In the US, growth hormone (GH) administration has been approved by the FDA for adults with proven acquired pituitary deficiencies, including those arising from hypothalamic–pituitary masses, surgery, irradiation or infiltrative processes. Adults with childhood-onset GH deficiency also benefit from FDA–approved GH replacement. GH is also approved for treating AIDS-related muscle wasting in adults. In patients who fulfill the biochemical and clinical criteria for adult GH deficiency, physiologic replacement improves quality of life, enhances lean body mass, improves cardiovascular function and could strengthen bone (Cummings DE and Merriam GR Ann Rev Med 2003, 54: 513–533). Prospective efficacy and safety surveillance studies are currently underway.

Side-effects of adult GH administration are reported in up to 30% of patients and are usually dose-dependent. They include myalgias, carpal tunnel syndrome, edema, elevated blood pressure, left ventricular remodeling, hyperglycemia and clinical diabetes. No increased cancer occurrence has been observed in surveillance studies of GH replacement in pituitary-deficient adults; however, accurate information for the impact of uncontrolled use of GH on cancer and cardiovascular function is not available.

Positive effects of GH on nitrogen retention, enhanced lean body mass and loss of fat mass have resulted in widespread nonapproved use of GH to reverse, halt, or decelerate the frailty of advancing age or to enhance athletic performance. Approximately 30,000 individuals are reported to receive GH for 'anti-aging' therapy annually but there are no compelling clinical trials indicating safety and benefits of GH administration to the elderly versus a disciplined diet and exercise training regimen; indeed, GH concentrations normally decline with aging and several animal models point to a protective effect of age-related low GH levels resulting in increased lifespan (Sonntag WE et al.

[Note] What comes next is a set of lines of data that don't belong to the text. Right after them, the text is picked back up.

(* (1-cut in MRL.) For every sequent $\Gamma$ and every formula $A$ of MRL: if $\Gamma, \emptyset{:}A$ is derivable in MRL, then $\Gamma$ is derivable in MRL.
   Context: Fix a nonempty set $\mathcal{R}$ (the set of roles). For $R\subseteq\mathcal{R}$ write $\overline{R}=\mathcal{R}\setminus R$. An ultrafilter $\mathcal{U}$ on $\mathcal{R}$ is a set of subsets of $\mathcal{R}$ such that $\mathcal{R}\in\mathcal{U}$; $R_1\in\mathcal{U}$ and $R_1\subseteq R_2$ imply $R_2\in\mathcal{U}$; $R_1,R_2\in\mathcal{U}$ imply $R_1\cap R_2\in\mathcal{U}$; and for every $R\subseteq\mathcal{R}$, $R\in\mathcal{U}$ or $\overline{R}\in\mathcal{U}$. An endomorphism is any function $f:\mathcal{R}\to\mathcal{R}$, and $f^{-1}(R)$ denotes the preimage of $R$. Fix a first-order language of terms $t$ with variables $x$, and a collection of primitive (atomic) formulas $a$ (which may contain terms). Formulas of MRL: $A ::= a \mid \neg_f(A) \mid A_1\wedge_{\mathcal{U}} A_2 \mid A\supset_{f,\mathcal{U}} B \mid \forall_{\mathcal{U}}(\lambda x.A)$, with $f$ an endomorphism and $\mathcal{U}$ an ultrafilter on $\mathcal{R}$; $x$ is bound in $\forall_{\mathcal{U}}(\lambda x.A)$, and $A[t/x]$ is capture-avoiding substitution. An i-formula is a pair $R{:}A$ with $R\subseteq\mathcal{R}$ and $A$ a formula; a sequent is a finite multiset of i-formulas, and comma denotes multiset union. Derivability in MRL is given by the rules (premises $\Rightarrow$ conclusion, $\Gamma,\Gamma_1,\Gamma_2$ arbitrary sequents): (Id) $\Gamma, R_1{:}a,\ldots,R_n{:}a$ is derivable whenever $n\ge1$ and $R_1,\ldots,R_n$ are pairwise disjoint with union $\mathcal{R}$; (Weaken) $\Gamma,R{:}A,R{:}A \Rightarrow \Gamma,R{:}A$; ($\neg$) $\Gamma, f^{-1}(R){:}A \Rightarrow \Gamma, R{:}\neg_f(A)$; ($\wedge$-neg-l) if $R\notin\mathcal{U}$: $\Gamma,R{:}A\Rightarrow\Gamma,R{:}A\wedge_{\mathcal{U}}B$; ($\wedge$-neg-r) if $R\notin\mathcal{U}$: $\Gamma,R{:}B\Rightarrow\Gamma,R{:}A\wedge_{\mathcal{U}}B$; ($\wedge$-pos) if $R\in\mathcal{U}$: $(\Gamma,R{:}A;\ \Gamma,R{:}B)\Rightarrow\Gamma,R{:}A\wedge_{\mathcal{U}}B$; ($\supset$-neg) if $R\notin\mathcal{U}$: $\Gamma,f^{-1}(R){:}A,R{:}B\Rightarrow\Gamma,R{:}A\supset_{f,\mathcal{U}}B$; ($\supset$-pos) if $R\in\mathcal{U}$: $(\Gamma_1,f^{-1}(R){:}A;\ \Gamma_2,R{:}B)\Rightarrow\Gamma_1,\Gamma_2,R{:}A\supset_{f,\mathcal{U}}B$; ($\forall$-neg) if $R\notin\mathcal{U}$ and $t$ is a term: $\Gamma,R{:}A[t/x]\Rightarrow\Gamma,R{:}\forall_{\mathcal{U}}(\lambda x.A)$; ($\forall$-pos) if $R\in\mathcal{U}$ and $x$ has no free occurrence in $\Gamma$: $\Gamma,R{:}A\Rightarrow\Gamma,R{:}\forall_{\mathcal{U}}(\lambda x.A)$. A sequent is derivable in MRL if it is the conclusion of a finite derivation tree built from these rules. *)

theory Defs
  imports Main "HOL-Library.Multiset"
begin

(* Ultrafilters on the set of roles, exactly as in the paper (roles = UNIV :: 'r set). *)
definition is_ultrafilter :: "'r set set \<Rightarrow> bool" where
  "is_ultrafilter U \<longleftrightarrow>
     UNIV \<in> U
   \<and> (\<forall>R1 R2. R1 \<in> U \<and> R1 \<subseteq> R2 \<longrightarrow> R2 \<in> U)
   \<and> (\<forall>R1 R2. R1 \<in> U \<and> R2 \<in> U \<longrightarrow> R1 \<inter> R2 \<in> U)
   \<and> (\<forall>R. R \<in> U \<or> - R \<in> U)"

typedef 'r ufilter = "{U :: 'r set set. is_ultrafilter U}"
  by (rule exI[of _ UNIV]) (auto simp: is_ultrafilter_def)

definition inU :: "'r set \<Rightarrow> 'r ufilter \<Rightarrow> bool" where
  "inU R U \<longleftrightarrow> R \<in> Rep_ufilter U"

(* First-order terms; variables are de Bruijn indices. *)
datatype 'f trm = Var nat | Fn 'f "'f trm list"

(* MRL formulas; Forall binds de Bruijn index 0 in its body. *)
datatype ('r, 'f, 'p) form =
    Atom 'p "'f trm list"
  | Neg "'r \<Rightarrow> 'r" "('r, 'f, 'p) form"
  | Conj "'r ufilter" "('r, 'f, 'p) form" "('r, 'f, 'p) form"
  | Imp "'r \<Rightarrow> 'r" "'r ufilter" "('r, 'f, 'p) form" "('r, 'f, 'p) form"
  | Forall "'r ufilter" "('r, 'f, 'p) form"

primrec lift_trm :: "nat \<Rightarrow> 'f trm \<Rightarrow> 'f trm" where
  "lift_trm k (Var i) = (if i < k then Var i else Var (Suc i))"
| "lift_trm k (Fn f ts) = Fn f (map (lift_trm k) ts)"

primrec subst_trm :: "nat \<Rightarrow> 'f trm \<Rightarrow> 'f trm \<Rightarrow> 'f trm" where
  "subst_trm k t (Var i) = (if i < k then Var i else if i = k then t else Var (i - 1))"
| "subst_trm k t (Fn f ts) = Fn f (map (subst_trm k t) ts)"

primrec lift_form :: "nat \<Rightarrow> ('r, 'f, 'p) form \<Rightarrow> ('r, 'f, 'p) form" where
  "lift_form k (Atom p ts) = Atom p (map (lift_trm k) ts)"
| "lift_form k (Neg f A) = Neg f (lift_form k A)"
| "lift_form k (Conj U A B) = Conj U (lift_form k A) (lift_form k B)"
| "lift_form k (Imp f U A B) = Imp f U (lift_form k A) (lift_form k B)"
| "lift_form k (Forall U A) = Forall U (lift_form (Suc k) A)"

primrec subst_form :: "nat \<Rightarrow> 'f trm \<Rightarrow> ('r, 'f, 'p) form \<Rightarrow> ('r, 'f, 'p) form" where
  "subst_form k t (Atom p ts) = Atom p (map (subst_trm k t) ts)"
| "subst_form k t (Neg f A) = Neg f (subst_form k t A)"
| "subst_form k t (Conj U A B) = Conj U (subst_form k t A) (subst_form k t B)"
| "subst_form k t (Imp f U A B) = Imp f U (subst_form k t A) (subst_form k t B)"
| "subst_form k t (Forall U A) = Forall U (subst_form (Suc k) (lift_trm 0 t) A)"

(* i-formulas R:A and sequents (finite multisets of i-formulas) *)
type_synonym ('r, 'f, 'p) iform = "'r set \<times> ('r, 'f, 'p) form"
type_synonym ('r, 'f, 'p) sequent = "('r, 'f, 'p) iform multiset"

definition lift_seq :: "('r, 'f, 'p) sequent \<Rightarrow> ('r, 'f, 'p) sequent" where
  "lift_seq \<Gamma> = image_mset (\<lambda>(R, B). (R, lift_form 0 B)) \<Gamma>"

inductive mrl :: "('r, 'f, 'p) sequent \<Rightarrow> bool" where
  Id: "Rs \<noteq> [] \<Longrightarrow>
       (\<forall>i j. i < length Rs \<and> j < length Rs \<and> i \<noteq> j \<longrightarrow> Rs ! i \<inter> Rs ! j = {}) \<Longrightarrow>
       \<Union> (set Rs) = UNIV \<Longrightarrow>
       mrl (\<Gamma> + mset (map (\<lambda>R. (R, Atom p ts)) Rs))"
| Weaken: "mrl (\<Gamma> + {#(R, A), (R, A)#}) \<Longrightarrow> mrl (\<Gamma> + {#(R, A)#})"
| NegR: "mrl (add_mset (f -` R, A) \<Gamma>) \<Longrightarrow> mrl (add_mset (R, Neg f A) \<Gamma>)"
| ConjNegL: "\<not> inU R U \<Longrightarrow> mrl (add_mset (R, A) \<Gamma>) \<Longrightarrow> mrl (add_mset (R, Conj U A B) \<Gamma>)"
| ConjNegR: "\<not> inU R U \<Longrightarrow> mrl (add_mset (R, B) \<Gamma>) \<Longrightarrow> mrl (add_mset (R, Conj U A B) \<Gamma>)"
| ConjPos: "inU R U \<Longrightarrow> mrl (add_mset (R, A) \<Gamma>) \<Longrightarrow> mrl (add_mset (R, B) \<Gamma>) \<Longrightarrow>
            mrl (add_mset (R, Conj U A B) \<Gamma>)"
| ImpNeg: "\<not> inU R U \<Longrightarrow> mrl (\<Gamma> + {#(f -` R, A), (R, B)#}) \<Longrightarrow>
           mrl (add_mset (R, Imp f U A B) \<Gamma>)"
| ImpPos: "inU R U \<Longrightarrow> mrl (add_mset (f -` R, A) \<Gamma>1) \<Longrightarrow> mrl (add_mset (R, B) \<Gamma>2) \<Longrightarrow>
           mrl (add_mset (R, Imp f U A B) (\<Gamma>1 + \<Gamma>2))"
| AllNeg: "\<not> inU R U \<Longrightarrow> mrl (add_mset (R, subst_form 0 t A) \<Gamma>) \<Longrightarrow>
           mrl (add_mset (R, Forall U A) \<Gamma>)"
| AllPos: "inU R U \<Longrightarrow> mrl (add_mset (R, A) (lift_seq \<Gamma>)) \<Longrightarrow>
           mrl (add_mset (R, Forall U A) \<Gamma>)"

end

theory Submission
  imports Defs
begin

text \<open>
  An i-formula labelled by the empty set of roles is inert: erasing every such i-formula from
  every sequent of a derivation leaves a derivation, up to weakening. The only rule where a
  premise has a genuinely different context is \<open>\<forall>\<close>-pos, whose premise context is
  the lifted one; since derivability is closed under substitution, instantiating the fresh
  variable by index 0 undoes the lifting. The cut formula \<open>{}:A\<close> is thus simply
  erased, and the rest of the conclusion is restored by weakening.
\<close>

lemma mrl_weaken: "mrl \<Gamma> \<Longrightarrow> mrl (\<Gamma> + \<Delta>)"
proof (induction arbitrary: \<Delta> rule: mrl.induct)
  case (Id Rs \<Gamma> p ts)
  have "mrl ((\<Gamma> + \<Delta>) + mset (map (\<lambda>R. (R, Atom p ts)) Rs))"
    using Id by (rule mrl.Id)
  then show ?case by (simp add: ac_simps)
next
  case (Weaken \<Gamma> R A)
  then show ?case using mrl.Weaken[of "\<Gamma> + \<Delta>"] by (simp add: ac_simps)
next
  case (ImpNeg R U \<Gamma> f A B)
  then show ?case using mrl.ImpNeg[of R U "\<Gamma> + \<Delta>"] by (simp add: ac_simps)
next
  case (ImpPos R U f A \<Gamma>1 B \<Gamma>2)
  then show ?case using mrl.ImpPos[of R U f A "\<Gamma>1 + \<Delta>" B \<Gamma>2] by (simp add: ac_simps)
next
  case (AllPos R U A \<Gamma>)
  then show ?case using mrl.AllPos[of R U A "\<Gamma> + \<Delta>"] by (simp add: lift_seq_def)
qed (auto intro: mrl.intros)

Endocrinology 2005, 146: 2920–2932). Whether physiologic lower GH levels are in fact permissive for a longer lifespan, protect cardiac function and lower cancer incidence requires rigorous controlled study. Thus anti-aging indications for GH are presently considered inappropriate, unsafe, illegal and not based upon evidence for a positive sustained impact on muscle function (Lange KHW et al. J Clin Endocrinol Metab 2002, 87: 513–523; Berggren A et al. J Clin Endocrinol Metab 2005, 90: 3268–3273).

It is highly likely that a large proportion of GH taken by adults is in fact both clinically and legally inappropriate

It has been estimated that 100,000 individuals in the US obtain GH without a prescription every year. In addition 160,000 new and refill GH prescriptions for adults are completed by retail and mail service pharmacies (Perls TH et al. JAMA 2005, 294: 2086–2090), but it is difficult to assess accurately how many are truly GH-deficient with documented pituitary dysfunction. It is highly likely that a large proportion of GH taken by adults is in fact both clinically and legally inappropriate. Yet, off-label distribution of GH carries significant financial penalties and can lead to imprisonment (Perls TH et al. JAMA 2005, 294: 2086–2090).

In today's era of increasing public awareness of healthcare quality outcomes and cost containment for healthcare, it behooves responsible endocrinologists to maintain rigorous scientific, clinical and legal criteria for prescribing GH. Primum non nocere remains our responsible approach to prescribing of all medication. Without sufficient scientifically based evidence for anti-aging effects of GH, our professional societal responsibility is to adhere to regulatory guidelines appropriately restricting expensive (US$8,000 or more per annum) adult GH therapy to bona fide replacement needs.

As endocrinologists, our informed response to queries from patients and referring physicians should be tempered with caution that neither the safety nor the benefits of GH administration to pituitary-replete adults have been defined for this very costly hormonal intervention.